THE TASK: How many of the lines below hold the string "lemma"? Say only the number.

* * *

lemma lam_eq_u_of:
  assumes "0 < \<theta>"
  shows "lam \<theta> = (1 - u_of \<theta>) / 4"
proof -
  define u where "u = u_of \<theta>"
  have u: "0 < u" "u < 1" "theta_of u = \<theta>"
    using u_of_pos[OF assms] u_of_spec[of \<theta>] assms theta_margin_pos by (auto simp: u_def)
  have "(THE l. 0 < l \<and> l < 1/4 \<and> -1 + artanh (sqrt (1 - 4*l)) / sqrt (1 - 4*l) = \<theta>) = (1 - u) / 4"
  proof (rule the_equality)
    have "1 - 4 * ((1 - u) / 4) = u" by (simp add: field_simps)
    moreover have "-1 + artanh (sqrt u) / sqrt u = \<theta>"
      using theta_of_artanh[of "sqrt u"] u by simp
    ultimately show "0 < (1 - u) / 4 \<and> (1 - u) / 4 < 1/4 \<and>
        -1 + artanh (sqrt (1 - 4 * ((1 - u) / 4))) / sqrt (1 - 4 * ((1 - u) / 4)) = \<theta>"
      using u by (simp only:) simp
  next
    fix l assume l: "0 < l \<and> l < 1/4 \<and> -1 + artanh (sqrt (1 - 4*l)) / sqrt (1 - 4*l) = \<theta>"
    define v where "v = 1 - 4 * l"
    have v: "0 < v" "v < 1" using l by (auto simp: v_def)
    have "theta_of v = -1 + artanh (sqrt v) / sqrt v"
      using theta_of_artanh[of "sqrt v"] v by simp
    also have "\<dots> = \<theta>" using l by (simp add: v_def)
    finally have "u = v"
      using u_of_theta_of[of v] v u_radius_spec(1) by (auto simp: u_def)
    then show "l = (1 - u) / 4" by (simp add: v_def)
  qed
  then show ?thesis using assms by (simp add: lam_def u_def)
qed

lemma fF_eq_f0:
  assumes "0 < \<theta>"
  shows "fF \<theta> = - \<theta> * ln \<theta> + f0 \<theta>"
proof -
  define u where "u = u_of \<theta>"
  have u: "0 < u" "u < 1" "\<theta> = u * hseries u" "0 < hseries u"
    using u_of_pos[OF assms] u_of_spec[of \<theta>] u_of_regular[of \<theta>] assms theta_margin_pos
    by (auto simp: u_def theta_of_def)
  have c: "1 - 4 * ((1 - u) / 4) = u" by (simp add: field_simps)
  have "ln \<theta> = ln u + ln (hseries u)"
    using u by (simp add: ln_mult)
  moreover have "ln ((1 - u) / 4) = ln (1 - u) - ln 4"
    using u by (simp add: ln_div)
  moreover have "fF \<theta> = - ln ((1 - u) / 4) - 2 * \<theta> - \<theta> * ln u"
    unfolding fF_def lam_eq_u_of[OF assms] u_def[symmetric] c ..
  ultimately show ?thesis
    unfolding f0_def u_def[symmetric] by (simp add: algebra_simps)
qed

lemma jF_eq_j0:
  assumes "0 < \<theta>"
  shows "jF \<theta> = - (1/2) * ln \<theta> + j0 \<theta>"
proof -
  define u where "u = u_of \<theta>"
  have u: "\<theta> = u * hseries u" "0 < hseries u" "0 < jfactor u"
    using u_of_spec[of \<theta>] u_of_regular[of \<theta>] assms theta_margin_pos
    by (auto simp: u_def theta_of_def)
  have "1 - 4 * (\<theta> + 1) * ((1 - u) / 4) = \<theta> * jfactor u"
    using u(2) unfolding jfactor_def u(1) by (simp add: field_simps)
  then have "jF \<theta> = - (1/2) * ln (\<theta> * jfactor u) + (1/2) * ln 2"
    by (simp add: jF_def lam_eq_u_of[OF assms] flip: u_def)
  also have "\<dots> = - (1/2) * ln \<theta> + j0 \<theta>"
    using assms u(3) by (simp add: ln_mult j0_def algebra_simps flip: u_def)
  finally show ?thesis .
qed

lemma deriv_fF:
  assumes "0 < \<theta>"
  shows "deriv fF \<theta> = -1 * ln \<theta> + (deriv f0 \<theta> - 1)"
proof -
  have "\<forall>\<^sub>F t in nhds \<theta>. t \<in> {0<..}"
    using assms by (intro eventually_nhds_in_open) auto
  then have "\<forall>\<^sub>F t in nhds \<theta>. fF t = - t * ln t + f0 t"
    by (rule eventually_mono) (simp add: fF_eq_f0)
  then have "deriv fF \<theta> = deriv (\<lambda>t. - t * ln t + f0 t) \<theta>"
    by (rule deriv_cong_ev) simp
  also have "\<dots> = - ln \<theta> - 1 + deriv f0 \<theta>"
    using assms theta_margin_pos
    by (intro DERIV_imp_deriv)
       (auto intro!: derivative_eq_intros has_holomorphic_extension_DERIV has_holomorphic_extension_f0)
  finally show ?thesis by simp
qed

theorem proposition5:
  shows "\<exists>f0 j0 :: real \<Rightarrow> real. \<exists>\<epsilon>>0.
     real_analytic_on f0 {-\<epsilon><..} \<and> real_analytic_on j0 {-\<epsilon><..} \<and>
     (\<forall>\<theta>>0. fF \<theta> = - \<theta> * ln \<theta> + f0 \<theta>) \<and>
     (\<forall>\<theta>>0. jF \<theta> = - (1/2) * ln \<theta> + j0 \<theta>) \<and>
     f0 0 = ln 4 \<and> exp (deriv f0 0) = exp 1 / 3 \<and> j0 0 = 0 \<and>
     (\<forall>k::nat. k \<ge> 1 \<longrightarrow>
        (deriv ^^ (k+1)) fF \<in> O[at_right (0::real)](\<lambda>\<theta>. 1 / \<theta> ^ k) \<and>
        (deriv ^^ k) jF \<in> O[at_right (0::real)](\<lambda>\<theta>. 1 / \<theta> ^ k))"
proof (rule exI[of _ f0], rule exI[of _ j0], rule exI[of _ theta_margin], intro conjI allI impI)
  have f0: "has_holomorphic_extension f0 \<theta>" and j0: "has_holomorphic_extension j0 \<theta>"
    if "0 \<le> \<theta>" for \<theta>
    using that theta_margin_pos by (auto intro: has_holomorphic_extension_f0 has_holomorphic_extension_j0)
  show "real_analytic_on f0 {-theta_margin<..}"
    by (auto intro: has_holomorphic_extension_imp_real_analytic has_holomorphic_extension_f0)
  show "real_analytic_on j0 {-theta_margin<..}"
    by (auto intro: has_holomorphic_extension_imp_real_analytic has_holomorphic_extension_j0)
  show "exp (deriv f0 0) = exp 1 / 3"
    by (simp add: deriv_f0_0 exp_diff)
  fix k :: nat assume "1 \<le> k"
  have "(deriv ^^ k) (deriv fF) \<in> O[at_right 0](\<lambda>\<theta>. 1 / \<theta> ^ k)"
    using deriv_fF f0 \<open>1 \<le> k\<close>
    by (intro higher_deriv_log_singularity_bigo[where g="\<lambda>\<theta>. deriv f0 \<theta> - 1"]
        has_holomorphic_extension_diff has_holomorphic_extension_deriv has_holomorphic_extension_const)
  then show "(deriv ^^ (k + 1)) fF \<in> O[at_right 0](\<lambda>\<theta>. 1 / \<theta> ^ k)"
    by (simp add: funpow_Suc_right del: funpow.simps)
  show "(deriv ^^ k) jF \<in> O[at_right 0](\<lambda>\<theta>. 1 / \<theta> ^ k)"
    using jF_eq_j0 j0 \<open>1 \<le> k\<close> by (rule higher_deriv_log_singularity_bigo)
qed (use theta_margin_pos fF_eq_f0 jF_eq_j0 f0_0 j0_0 in auto)

end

* * *

ANSWER TO THE EXERCISE: 4